=== Section Start ===

(* Let $\rho,\sigma$ be qubit states. There exists a time-covariant channel on the qubit transforming $\rho$ into $\sigma$ if and only if $$\partial_\theta^2(\Delta\Phi_\eta)\big|_{\theta=0}\ge0\quad\text{and}\quad\partial_\theta^2(\Delta\Phi_\eta)\big|_{\theta=\pi}\ge0$$ for all $0<r\le1$ and $0\le\phi<2\pi$, where $\eta=\eta(r,\theta,\phi)$. Equivalently, if and only if $\partial_\theta^2(\Delta H_\eta)|_{\theta=0}\ge0$ and $\partial_\theta^2(\Delta H_\eta)|_{\theta=\pi}\ge0$ for all such $r,\phi$.
   Context: The system $A$ is a qubit with Hamiltonian $\sigma_z$; the group $G=U(1)$ acts by $U(t)=e^{-i\sigma_zt}$, $t\in[0,2\pi)$, with normalized measure $dt/2\pi$. A channel $\mathcal{E}$ on the qubit is time-covariant if $\mathcal{E}(U(t)XU(t)^\dagger)=U(t)\mathcal{E}(X)U(t)^\dagger$ for all $t,X$. The reference $R$ is a qubit with Hamiltonian $-\sigma_z$, i.e. $U_R(t)=e^{i\sigma_zt}$. $\mathcal{G}(M)=\int_0^{2\pi}\frac{dt}{2\pi}(U_R(t)\otimes U(t))M(U_R(t)\otimes U(t))^\dagger$. For a qubit state $\tau$, $\Phi_\eta(\tau):=\inf_{X\ge0}\{\mathrm{tr}X:\mathbb{1}\otimes X-\mathcal{G}(\eta\otimes\tau)\ge0\}$ and $H_\eta(\tau)=-\log_2\Phi_\eta(\tau)$. $\Delta\Phi_\eta:=\Phi_\eta(\rho)-\Phi_\eta(\sigma)$ and $\Delta H_\eta:=H_\eta(\sigma)-H_\eta(\rho)$. Reference states are parametrized by spherical Bloch coordinates: $\eta(r,\theta,\phi)=\tfrac12(\mathbb{1}+r\sin\theta\cos\phi\,\sigma_x+r\sin\theta\sin\phi\,\sigma_y+r\cos\theta\,\sigma_z)$ with $0\le r\le1$, $\theta\in[0,\pi]$, $\phi\in[0,2\pi)$. *)

theory Defs
  imports "HOL-Analysis.Analysis" "Jordan_Normal_Form.Matrix"
begin

(* Matrices are Jordan_Normal_Form complex matrices; all objects are 2x2 (qubit)
   or 4x4 (reference qubit R tensor system qubit A, R is the first factor). *)

definition mtrace :: "complex mat \<Rightarrow> complex" where
  "mtrace A = (\<Sum>i<dim_row A. A $$ (i,i))"

definition madj :: "complex mat \<Rightarrow> complex mat" where
  "madj A = mat (dim_col A) (dim_row A) (\<lambda>(i,j). cnj (A $$ (j,i)))"

definition psd :: "nat \<Rightarrow> complex mat \<Rightarrow> bool" where
  "psd n A \<longleftrightarrow> A \<in> carrier_mat n n \<and>
     (\<forall>x :: nat \<Rightarrow> complex.
        let q = (\<Sum>i<n. \<Sum>j<n. cnj (x i) * A $$ (i,j) * x j) in Im q = 0 \<and> Re q \<ge> 0)"

definition kron :: "complex mat \<Rightarrow> complex mat \<Rightarrow> complex mat" where
  "kron A B = mat (dim_row A * dim_row B) (dim_col A * dim_col B)
     (\<lambda>(i,j). A $$ (i div dim_row B, j div dim_col B) * B $$ (i mod dim_row B, j mod dim_col B))"

definition qubit_state :: "complex mat \<Rightarrow> bool" where
  "qubit_state \<rho> \<longleftrightarrow> psd 2 \<rho> \<and> mtrace \<rho> = 1"

definition sigma_x :: "complex mat" where "sigma_x = mat_of_rows_list 2 [[0,1],[1,0]]"
definition sigma_y :: "complex mat" where "sigma_y = mat_of_rows_list 2 [[0,-\<i>],[\<i>,0]]"
definition sigma_z :: "complex mat" where "sigma_z = mat_of_rows_list 2 [[1,0],[0,-1]]"

(* U(t) = exp(-i sigma_z t) = diag(e^{-it}, e^{it}) *)
definition U :: "real \<Rightarrow> complex mat" where
  "U t = mat_of_rows_list 2 [[exp (-\<i> * t), 0], [0, exp (\<i> * t)]]"

(* U_R(t) = exp(i sigma_z t) = diag(e^{it}, e^{-it}) *)
definition U_R :: "real \<Rightarrow> complex mat" where
  "U_R t = mat_of_rows_list 2 [[exp (\<i> * t), 0], [0, exp (-\<i> * t)]]"

definition qubit_linear :: "(complex mat \<Rightarrow> complex mat) \<Rightarrow> bool" where
  "qubit_linear E \<longleftrightarrow>
     (\<forall>X \<in> carrier_mat 2 2. E X \<in> carrier_mat 2 2) \<and>
     (\<forall>X \<in> carrier_mat 2 2. \<forall>Y \<in> carrier_mat 2 2. \<forall>a b :: complex.
        E (a \<cdot>\<^sub>m X + b \<cdot>\<^sub>m Y) = a \<cdot>\<^sub>m E X + b \<cdot>\<^sub>m E Y)"

(* (id_n \<otimes> E)(M) for M of dimension n*2 (ancilla of dimension n first) *)
definition id_tensor :: "nat \<Rightarrow> (complex mat \<Rightarrow> complex mat) \<Rightarrow> complex mat \<Rightarrow> complex mat" where
  "id_tensor n E M = mat (n*2) (n*2)
     (\<lambda>(i,j). E (mat 2 2 (\<lambda>(b,d). M $$ (2 * (i div 2) + b, 2 * (j div 2) + d)))
               $$ (i mod 2, j mod 2))"

definition completely_positive :: "(complex mat \<Rightarrow> complex mat) \<Rightarrow> bool" where
  "completely_positive E \<longleftrightarrow>
     (\<forall>n::nat. \<forall>M. n \<ge> 1 \<longrightarrow> psd (n*2) M \<longrightarrow> psd (n*2) (id_tensor n E M))"

definition trace_preserving :: "(complex mat \<Rightarrow> complex mat) \<Rightarrow> bool" where
  "trace_preserving E \<longleftrightarrow> (\<forall>X \<in> carrier_mat 2 2. mtrace (E X) = mtrace X)"

definition qubit_channel :: "(complex mat \<Rightarrow> complex mat) \<Rightarrow> bool" where
  "qubit_channel E \<longleftrightarrow> qubit_linear E \<and> completely_positive E \<and> trace_preserving E"

definition time_covariant :: "(complex mat \<Rightarrow> complex mat) \<Rightarrow> bool" where
  "time_covariant E \<longleftrightarrow>
     (\<forall>t \<in> {0..<2*pi}. \<forall>X \<in> carrier_mat 2 2.
        E (U t * X * madj (U t)) = U t * E X * madj (U t))"

definition twirl :: "complex mat \<Rightarrow> complex mat" where
  "twirl M = mat 4 4 (\<lambda>(i,j).
     integral {0..2*pi} (\<lambda>t. (kron (U_R t) (U t) * M * madj (kron (U_R t) (U t))) $$ (i,j))
       / complex_of_real (2*pi))"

=== Section End ===

_To do_
Go line by line through the data and copy any that contain "madj".

_Final answer_
definition madj :: "complex mat \<Rightarrow> complex mat" where
  "madj A = mat (dim_col A) (dim_row A) (\<lambda>(i,j). cnj (A $$ (j,i)))"
        E (U t * X * madj (U t)) = U t * E X * madj (U t))"
     integral {0..2*pi} (\<lambda>t. (kron (U_R t) (U t) * M * madj (kron (U_R t) (U t))) $$ (i,j))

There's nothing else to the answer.